*** Begin section ***

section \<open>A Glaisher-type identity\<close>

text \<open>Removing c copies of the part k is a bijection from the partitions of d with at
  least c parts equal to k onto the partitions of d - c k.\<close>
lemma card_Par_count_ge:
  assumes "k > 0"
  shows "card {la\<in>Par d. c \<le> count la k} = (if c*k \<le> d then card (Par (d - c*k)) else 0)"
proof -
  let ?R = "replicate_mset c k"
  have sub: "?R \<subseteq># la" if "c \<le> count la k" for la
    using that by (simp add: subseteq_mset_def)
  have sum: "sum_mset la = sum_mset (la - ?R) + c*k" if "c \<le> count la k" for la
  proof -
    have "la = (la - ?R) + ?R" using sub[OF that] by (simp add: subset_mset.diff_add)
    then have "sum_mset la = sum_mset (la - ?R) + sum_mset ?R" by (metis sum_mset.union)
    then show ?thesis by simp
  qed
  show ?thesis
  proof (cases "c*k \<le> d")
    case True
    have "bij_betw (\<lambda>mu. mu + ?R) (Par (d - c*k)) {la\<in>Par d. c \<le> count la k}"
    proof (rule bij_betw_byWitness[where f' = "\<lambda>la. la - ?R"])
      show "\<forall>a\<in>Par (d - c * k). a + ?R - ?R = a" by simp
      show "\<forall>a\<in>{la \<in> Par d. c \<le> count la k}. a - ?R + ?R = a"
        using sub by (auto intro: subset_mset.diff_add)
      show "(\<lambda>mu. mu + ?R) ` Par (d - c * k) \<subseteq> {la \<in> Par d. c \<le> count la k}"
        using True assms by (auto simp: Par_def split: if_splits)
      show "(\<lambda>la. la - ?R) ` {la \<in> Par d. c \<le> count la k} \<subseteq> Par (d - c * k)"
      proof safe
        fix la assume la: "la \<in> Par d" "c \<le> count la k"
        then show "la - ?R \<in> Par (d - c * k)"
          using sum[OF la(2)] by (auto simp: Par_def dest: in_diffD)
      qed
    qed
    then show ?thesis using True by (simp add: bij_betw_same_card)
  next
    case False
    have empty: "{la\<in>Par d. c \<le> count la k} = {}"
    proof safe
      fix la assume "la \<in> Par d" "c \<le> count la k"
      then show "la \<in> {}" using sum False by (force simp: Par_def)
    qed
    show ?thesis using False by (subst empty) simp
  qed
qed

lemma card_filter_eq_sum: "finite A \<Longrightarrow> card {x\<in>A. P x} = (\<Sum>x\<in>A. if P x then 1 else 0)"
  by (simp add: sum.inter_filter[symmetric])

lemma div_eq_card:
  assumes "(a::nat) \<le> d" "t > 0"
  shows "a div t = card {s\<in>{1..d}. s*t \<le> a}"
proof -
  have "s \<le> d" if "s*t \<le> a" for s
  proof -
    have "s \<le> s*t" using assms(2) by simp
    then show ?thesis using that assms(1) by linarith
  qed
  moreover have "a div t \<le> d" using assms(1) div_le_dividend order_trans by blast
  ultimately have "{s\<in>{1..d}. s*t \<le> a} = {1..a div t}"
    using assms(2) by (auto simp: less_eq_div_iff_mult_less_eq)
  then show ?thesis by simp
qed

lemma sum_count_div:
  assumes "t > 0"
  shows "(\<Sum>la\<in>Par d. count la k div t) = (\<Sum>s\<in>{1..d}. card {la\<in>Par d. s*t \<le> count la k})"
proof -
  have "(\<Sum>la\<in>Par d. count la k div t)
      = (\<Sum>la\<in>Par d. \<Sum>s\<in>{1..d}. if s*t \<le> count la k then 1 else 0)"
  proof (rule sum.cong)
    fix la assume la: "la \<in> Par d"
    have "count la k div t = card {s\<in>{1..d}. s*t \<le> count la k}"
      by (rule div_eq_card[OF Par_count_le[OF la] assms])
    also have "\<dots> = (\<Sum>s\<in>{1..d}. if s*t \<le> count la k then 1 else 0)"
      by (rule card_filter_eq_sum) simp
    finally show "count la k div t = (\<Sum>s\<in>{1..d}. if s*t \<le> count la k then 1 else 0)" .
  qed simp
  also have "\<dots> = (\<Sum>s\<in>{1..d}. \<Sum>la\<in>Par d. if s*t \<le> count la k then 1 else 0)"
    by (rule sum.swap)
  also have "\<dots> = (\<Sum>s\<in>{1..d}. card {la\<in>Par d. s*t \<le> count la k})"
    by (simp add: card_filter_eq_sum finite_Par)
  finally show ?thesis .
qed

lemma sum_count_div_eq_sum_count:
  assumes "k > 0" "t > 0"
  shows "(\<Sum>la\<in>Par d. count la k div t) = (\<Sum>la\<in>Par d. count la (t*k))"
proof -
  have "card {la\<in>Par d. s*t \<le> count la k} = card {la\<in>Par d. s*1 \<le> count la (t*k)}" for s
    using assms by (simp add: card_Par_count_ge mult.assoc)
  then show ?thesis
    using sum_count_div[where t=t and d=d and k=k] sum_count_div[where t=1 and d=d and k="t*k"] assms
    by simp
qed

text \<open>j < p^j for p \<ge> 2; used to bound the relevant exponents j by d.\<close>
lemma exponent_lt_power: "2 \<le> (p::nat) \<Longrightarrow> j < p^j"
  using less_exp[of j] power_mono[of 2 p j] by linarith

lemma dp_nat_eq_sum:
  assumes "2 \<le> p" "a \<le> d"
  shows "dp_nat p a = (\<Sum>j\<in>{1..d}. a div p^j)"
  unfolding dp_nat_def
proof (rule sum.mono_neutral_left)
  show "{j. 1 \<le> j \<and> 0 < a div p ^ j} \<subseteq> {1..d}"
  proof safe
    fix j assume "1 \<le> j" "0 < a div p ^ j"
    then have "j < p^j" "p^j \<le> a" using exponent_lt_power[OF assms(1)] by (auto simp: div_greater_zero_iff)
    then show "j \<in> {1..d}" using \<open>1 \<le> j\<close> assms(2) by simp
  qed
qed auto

*** End section ***

Work to complete →
No line may be altered or left out when the data is written out.

Response area →
section \<open>A Glaisher-type identity\<close>

text \<open>Removing c copies of the part k is a bijection from the partitions of d with at
  least c parts equal to k onto the partitions of d - c k.\<close>
lemma card_Par_count_ge:
  assumes "k > 0"
  shows "card {la\<in>Par d. c \<le> count la k} = (if c*k \<le> d then card (Par (d - c*k)) else 0)"
proof -
  let ?R = "replicate_mset c k"
  have sub: "?R \<subseteq># la" if "c \<le> count la k" for la
    using that by (simp add: subseteq_mset_def)
  have sum: "sum_mset la = sum_mset (la - ?R) + c*k" if "c \<le> count la k" for la
  proof -
    have "la = (la - ?R) + ?R" using sub[OF that] by (simp add: subset_mset.diff_add)
    then have "sum_mset la = sum_mset (la - ?R) + sum_mset ?R" by (metis sum_mset.union)
    then show ?thesis by simp
  qed
  show ?thesis
  proof (cases "c*k \<le> d")
    case True
    have "bij_betw (\<lambda>mu. mu + ?R) (Par (d - c*k)) {la\<in>Par d. c \<le> count la k}"
    proof (rule bij_betw_byWitness[where f' = "\<lambda>la. la - ?R"])
      show "\<forall>a\<in>Par (d - c * k). a + ?R - ?R = a" by simp
      show "\<forall>a\<in>{la \<in> Par d. c \<le> count la k}. a - ?R + ?R = a"
        using sub by (auto intro: subset_mset.diff_add)
      show "(\<lambda>mu. mu + ?R) ` Par (d - c * k) \<subseteq> {la \<in> Par d. c \<le> count la k}"
        using True assms by (auto simp: Par_def split: if_splits)
      show "(\<lambda>la. la - ?R) ` {la \<in> Par d. c \<le> count la k} \<subseteq> Par (d - c * k)"
      proof safe
        fix la assume la: "la \<in> Par d" "c \<le> count la k"
        then show "la - ?R \<in> Par (d - c * k)"
          using sum[OF la(2)] by (auto simp: Par_def dest: in_diffD)
      qed
    qed
    then show ?thesis using True by (simp add: bij_betw_same_card)
  next
    case False
    have empty: "{la\<in>Par d. c \<le> count la k} = {}"
    proof safe
      fix la assume "la \<in> Par d" "c \<le> count la k"
      then show "la \<in> {}" using sum False by (force simp: Par_def)
    qed
    show ?thesis using False by (subst empty) simp
  qed
qed

lemma card_filter_eq_sum: "finite A \<Longrightarrow> card {x\<in>A. P x} = (\<Sum>x\<in>A. if P x then 1 else 0)"
  by (simp add: sum.inter_filter[symmetric])

lemma div_eq_card:
  assumes "(a::nat) \<le> d" "t > 0"
  shows "a div t = card {s\<in>{1..d}. s*t \<le> a}"
proof -
  have "s \<le> d" if "s*t \<le> a" for s
  proof -
    have "s \<le> s*t" using assms(2) by simp
    then show ?thesis using that assms(1) by linarith
  qed
  moreover have "a div t \<le> d" using assms(1) div_le_dividend order_trans by blast
  ultimately have "{s\<in>{1..d}. s*t \<le> a} = {1..a div t}"
    using assms(2) by (auto simp: less_eq_div_iff_mult_less_eq)
  then show ?thesis by simp
qed

lemma sum_count_div:
  assumes "t > 0"
  shows "(\<Sum>la\<in>Par d. count la k div t) = (\<Sum>s\<in>{1..d}. card {la\<in>Par d. s*t \<le> count la k})"
proof -
  have "(\<Sum>la\<in>Par d. count la k div t)
      = (\<Sum>la\<in>Par d. \<Sum>s\<in>{1..d}. if s*t \<le> count la k then 1 else 0)"
  proof (rule sum.cong)
    fix la assume la: "la \<in> Par d"
    have "count la k div t = card {s\<in>{1..d}. s*t \<le> count la k}"
      by (rule div_eq_card[OF Par_count_le[OF la] assms])
    also have "\<dots> = (\<Sum>s\<in>{1..d}. if s*t \<le> count la k then 1 else 0)"
      by (rule card_filter_eq_sum) simp
    finally show "count la k div t = (\<Sum>s\<in>{1..d}. if s*t \<le> count la k then 1 else 0)" .
  qed simp
  also have "\<dots> = (\<Sum>s\<in>{1..d}. \<Sum>la\<in>Par d. if s*t \<le> count la k then 1 else 0)"
    by (rule sum.swap)
  also have "\<dots> = (\<Sum>s\<in>{1..d}. card {la\<in>Par d. s*t \<le> count la k})"
    by (simp add: card_filter_eq_sum finite_Par)
  finally show ?thesis .
qed

lemma sum_count_div_eq_sum_count:
  assumes "k > 0" "t > 0"
  shows "(\<Sum>la\<in>Par d. count la k div t) = (\<Sum>la\<in>Par d. count la (t*k))"
proof -
  have "card {la\<in>Par d. s*t \<le> count la k} = card {la\<in>Par d. s*1 \<le> count la (t*k)}" for s
    using assms by (simp add: card_Par_count_ge mult.assoc)
  then show ?thesis
    using sum_count_div[where t=t and d=d and k=k] sum_count_div[where t=1 and d=d and k="t*k"] assms
    by simp
qed

text \<open>j < p^j for p \<ge> 2; used to bound the relevant exponents j by d.\<close>
lemma exponent_lt_power: "2 \<le> (p::nat) \<Longrightarrow> j < p^j"
  using less_exp[of j] power_mono[of 2 p j] by linarith

lemma dp_nat_eq_sum:
  assumes "2 \<le> p" "a \<le> d"
  shows "dp_nat p a = (\<Sum>j\<in>{1..d}. a div p^j)"
  unfolding dp_nat_def
proof (rule sum.mono_neutral_left)
  show "{j. 1 \<le> j \<and> 0 < a div p ^ j} \<subseteq> {1..d}"
  proof safe
    fix j assume "1 \<le> j" "0 < a div p ^ j"
    then have "j < p^j" "p^j \<le> a" using exponent_lt_power[OF assms(1)] by (auto simp: div_greater_zero_iff)
    then show "j \<in> {1..d}" using \<open>1 \<le> j\<close> assms(2) by simp
  qed
qed auto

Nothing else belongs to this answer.